##### Entries shown

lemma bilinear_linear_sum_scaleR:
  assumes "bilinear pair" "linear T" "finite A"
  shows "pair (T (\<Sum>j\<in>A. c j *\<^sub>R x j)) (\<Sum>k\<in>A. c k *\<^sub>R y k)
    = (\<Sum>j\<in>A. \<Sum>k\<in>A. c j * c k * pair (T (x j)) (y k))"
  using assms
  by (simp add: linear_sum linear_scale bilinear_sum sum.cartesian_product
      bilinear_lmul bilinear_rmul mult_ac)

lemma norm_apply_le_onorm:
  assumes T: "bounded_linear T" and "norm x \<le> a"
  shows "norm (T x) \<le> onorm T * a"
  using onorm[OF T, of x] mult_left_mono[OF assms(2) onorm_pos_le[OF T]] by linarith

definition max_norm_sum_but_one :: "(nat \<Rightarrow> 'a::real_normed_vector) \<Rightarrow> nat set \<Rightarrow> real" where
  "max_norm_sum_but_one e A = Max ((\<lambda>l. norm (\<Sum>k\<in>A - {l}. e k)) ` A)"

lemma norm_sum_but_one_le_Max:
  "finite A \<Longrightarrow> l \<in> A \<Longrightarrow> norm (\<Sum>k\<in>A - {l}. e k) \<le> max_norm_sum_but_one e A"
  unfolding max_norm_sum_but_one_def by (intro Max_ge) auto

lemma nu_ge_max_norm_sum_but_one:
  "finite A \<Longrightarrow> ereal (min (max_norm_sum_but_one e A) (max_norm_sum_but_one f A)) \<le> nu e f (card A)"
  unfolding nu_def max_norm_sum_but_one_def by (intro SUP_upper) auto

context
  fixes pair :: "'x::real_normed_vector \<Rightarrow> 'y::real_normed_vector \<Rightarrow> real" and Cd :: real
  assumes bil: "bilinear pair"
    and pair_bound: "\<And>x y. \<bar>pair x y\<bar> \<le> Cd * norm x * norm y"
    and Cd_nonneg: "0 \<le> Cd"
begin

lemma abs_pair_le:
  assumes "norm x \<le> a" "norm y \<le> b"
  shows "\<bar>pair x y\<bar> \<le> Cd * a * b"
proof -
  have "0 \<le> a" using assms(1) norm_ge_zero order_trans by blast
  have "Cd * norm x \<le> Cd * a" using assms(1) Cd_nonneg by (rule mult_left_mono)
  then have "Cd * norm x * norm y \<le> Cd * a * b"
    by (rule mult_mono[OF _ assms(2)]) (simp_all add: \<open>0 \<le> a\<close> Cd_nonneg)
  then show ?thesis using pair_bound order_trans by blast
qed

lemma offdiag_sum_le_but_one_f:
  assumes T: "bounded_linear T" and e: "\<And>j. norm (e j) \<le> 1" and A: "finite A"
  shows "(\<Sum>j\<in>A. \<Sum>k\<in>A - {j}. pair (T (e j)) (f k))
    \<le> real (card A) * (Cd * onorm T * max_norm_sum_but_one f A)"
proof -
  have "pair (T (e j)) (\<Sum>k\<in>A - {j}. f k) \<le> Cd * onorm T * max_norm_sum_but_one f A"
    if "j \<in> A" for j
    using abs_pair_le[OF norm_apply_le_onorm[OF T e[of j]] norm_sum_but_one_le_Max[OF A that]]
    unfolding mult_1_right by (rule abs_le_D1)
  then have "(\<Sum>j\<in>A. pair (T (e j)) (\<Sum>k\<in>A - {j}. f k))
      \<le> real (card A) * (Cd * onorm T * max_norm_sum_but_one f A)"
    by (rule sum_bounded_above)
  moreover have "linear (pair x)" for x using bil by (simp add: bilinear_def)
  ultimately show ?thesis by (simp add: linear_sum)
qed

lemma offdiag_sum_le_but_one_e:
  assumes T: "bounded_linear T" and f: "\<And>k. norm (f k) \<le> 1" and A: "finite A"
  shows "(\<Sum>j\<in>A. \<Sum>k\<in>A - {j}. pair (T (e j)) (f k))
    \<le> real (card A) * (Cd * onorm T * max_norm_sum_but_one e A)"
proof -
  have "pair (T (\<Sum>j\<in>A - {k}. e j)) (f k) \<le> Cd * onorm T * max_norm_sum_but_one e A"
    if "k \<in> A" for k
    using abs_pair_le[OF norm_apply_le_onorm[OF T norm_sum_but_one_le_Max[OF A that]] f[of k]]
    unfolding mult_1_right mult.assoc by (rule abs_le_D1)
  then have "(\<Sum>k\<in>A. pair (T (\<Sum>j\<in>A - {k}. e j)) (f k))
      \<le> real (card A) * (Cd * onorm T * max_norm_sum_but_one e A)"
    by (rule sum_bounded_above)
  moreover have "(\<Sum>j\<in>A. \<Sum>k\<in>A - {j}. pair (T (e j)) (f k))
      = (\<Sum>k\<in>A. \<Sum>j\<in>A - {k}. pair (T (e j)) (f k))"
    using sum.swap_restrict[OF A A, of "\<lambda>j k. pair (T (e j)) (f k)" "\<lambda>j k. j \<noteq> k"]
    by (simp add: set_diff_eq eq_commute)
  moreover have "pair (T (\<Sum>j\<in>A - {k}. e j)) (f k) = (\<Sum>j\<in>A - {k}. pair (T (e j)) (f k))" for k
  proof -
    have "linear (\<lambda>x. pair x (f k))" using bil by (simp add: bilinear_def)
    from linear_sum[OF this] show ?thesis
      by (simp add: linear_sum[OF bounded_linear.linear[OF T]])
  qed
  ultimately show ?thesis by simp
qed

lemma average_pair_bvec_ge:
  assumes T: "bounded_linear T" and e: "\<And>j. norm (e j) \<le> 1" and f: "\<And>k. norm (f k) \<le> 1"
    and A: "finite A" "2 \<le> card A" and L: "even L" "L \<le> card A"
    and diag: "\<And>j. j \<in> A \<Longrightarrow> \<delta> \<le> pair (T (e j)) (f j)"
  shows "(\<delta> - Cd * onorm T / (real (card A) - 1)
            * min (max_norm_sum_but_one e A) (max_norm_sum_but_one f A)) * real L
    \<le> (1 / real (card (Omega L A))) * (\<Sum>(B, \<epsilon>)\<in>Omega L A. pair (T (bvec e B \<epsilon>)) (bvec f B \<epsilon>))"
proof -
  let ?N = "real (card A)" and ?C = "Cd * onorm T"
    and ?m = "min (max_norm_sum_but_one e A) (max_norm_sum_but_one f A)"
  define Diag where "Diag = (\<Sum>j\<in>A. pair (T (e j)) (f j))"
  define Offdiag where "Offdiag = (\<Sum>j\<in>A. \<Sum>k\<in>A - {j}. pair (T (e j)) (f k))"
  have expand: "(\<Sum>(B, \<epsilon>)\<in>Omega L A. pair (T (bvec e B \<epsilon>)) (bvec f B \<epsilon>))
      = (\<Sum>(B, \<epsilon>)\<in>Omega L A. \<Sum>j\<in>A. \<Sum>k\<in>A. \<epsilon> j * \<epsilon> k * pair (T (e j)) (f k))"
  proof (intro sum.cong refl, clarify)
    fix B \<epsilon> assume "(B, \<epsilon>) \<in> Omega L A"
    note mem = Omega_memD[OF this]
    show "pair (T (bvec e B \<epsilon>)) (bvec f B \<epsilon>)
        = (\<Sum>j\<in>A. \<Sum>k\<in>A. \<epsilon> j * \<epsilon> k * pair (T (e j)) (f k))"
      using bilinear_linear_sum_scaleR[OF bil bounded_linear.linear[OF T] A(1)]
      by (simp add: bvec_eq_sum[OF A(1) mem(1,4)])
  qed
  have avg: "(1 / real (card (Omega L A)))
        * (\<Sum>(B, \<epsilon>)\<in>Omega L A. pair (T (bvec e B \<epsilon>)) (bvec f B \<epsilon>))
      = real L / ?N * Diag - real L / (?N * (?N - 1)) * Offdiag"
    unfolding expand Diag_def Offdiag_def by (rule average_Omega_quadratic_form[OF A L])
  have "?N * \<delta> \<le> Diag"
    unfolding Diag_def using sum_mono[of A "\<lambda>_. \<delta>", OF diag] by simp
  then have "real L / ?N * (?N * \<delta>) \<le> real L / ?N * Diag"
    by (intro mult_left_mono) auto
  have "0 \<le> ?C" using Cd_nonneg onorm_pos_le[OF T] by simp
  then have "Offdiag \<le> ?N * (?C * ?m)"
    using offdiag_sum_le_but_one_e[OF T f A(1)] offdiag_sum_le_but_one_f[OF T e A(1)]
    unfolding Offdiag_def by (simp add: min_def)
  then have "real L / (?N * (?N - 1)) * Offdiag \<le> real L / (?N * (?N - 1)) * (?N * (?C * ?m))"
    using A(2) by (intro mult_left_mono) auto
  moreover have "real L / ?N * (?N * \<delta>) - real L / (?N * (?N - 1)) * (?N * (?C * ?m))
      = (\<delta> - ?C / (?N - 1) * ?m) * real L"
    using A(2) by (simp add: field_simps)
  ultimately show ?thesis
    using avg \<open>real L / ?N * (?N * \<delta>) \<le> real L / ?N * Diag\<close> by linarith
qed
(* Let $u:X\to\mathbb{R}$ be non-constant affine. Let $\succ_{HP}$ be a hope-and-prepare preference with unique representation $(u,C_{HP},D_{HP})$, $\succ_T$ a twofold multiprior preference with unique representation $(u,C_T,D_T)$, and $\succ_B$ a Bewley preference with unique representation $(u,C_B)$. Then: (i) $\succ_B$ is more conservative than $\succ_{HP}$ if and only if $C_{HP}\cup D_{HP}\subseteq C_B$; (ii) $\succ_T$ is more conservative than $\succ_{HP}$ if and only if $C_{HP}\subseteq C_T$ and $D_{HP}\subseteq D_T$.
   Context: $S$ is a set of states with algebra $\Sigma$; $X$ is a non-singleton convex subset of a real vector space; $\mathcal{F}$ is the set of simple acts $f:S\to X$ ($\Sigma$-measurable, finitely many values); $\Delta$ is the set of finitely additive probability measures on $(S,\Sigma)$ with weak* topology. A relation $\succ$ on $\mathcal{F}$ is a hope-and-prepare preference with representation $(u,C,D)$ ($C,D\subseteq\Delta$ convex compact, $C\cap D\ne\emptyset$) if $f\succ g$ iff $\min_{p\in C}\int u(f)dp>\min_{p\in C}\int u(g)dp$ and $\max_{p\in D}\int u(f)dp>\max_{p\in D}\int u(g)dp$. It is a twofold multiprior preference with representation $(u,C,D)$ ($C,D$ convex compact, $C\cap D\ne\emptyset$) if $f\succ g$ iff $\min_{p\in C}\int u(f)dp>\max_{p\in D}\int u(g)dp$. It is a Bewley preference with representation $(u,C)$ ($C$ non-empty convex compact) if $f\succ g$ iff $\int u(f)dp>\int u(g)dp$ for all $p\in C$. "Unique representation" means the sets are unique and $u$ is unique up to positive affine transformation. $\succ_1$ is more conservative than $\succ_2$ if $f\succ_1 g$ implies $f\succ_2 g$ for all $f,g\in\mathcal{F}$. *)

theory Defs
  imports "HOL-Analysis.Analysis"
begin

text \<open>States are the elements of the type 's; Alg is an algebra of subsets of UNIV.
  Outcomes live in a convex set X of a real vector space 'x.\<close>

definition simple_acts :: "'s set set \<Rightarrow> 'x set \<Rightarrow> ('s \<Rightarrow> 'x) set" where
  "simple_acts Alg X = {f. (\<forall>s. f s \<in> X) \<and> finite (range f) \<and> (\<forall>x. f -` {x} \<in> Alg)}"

##########

> [Problem to solve]
Run a filter over the data above and keep each line that contains the word "lemma".

> [Result for this exercise]
lemma bilinear_linear_sum_scaleR:
lemma norm_apply_le_onorm:
lemma norm_sum_but_one_le_Max:
lemma nu_ge_max_norm_sum_but_one:
lemma abs_pair_le:
lemma offdiag_sum_le_but_one_f:
lemma offdiag_sum_le_but_one_e:
lemma average_pair_bvec_ge:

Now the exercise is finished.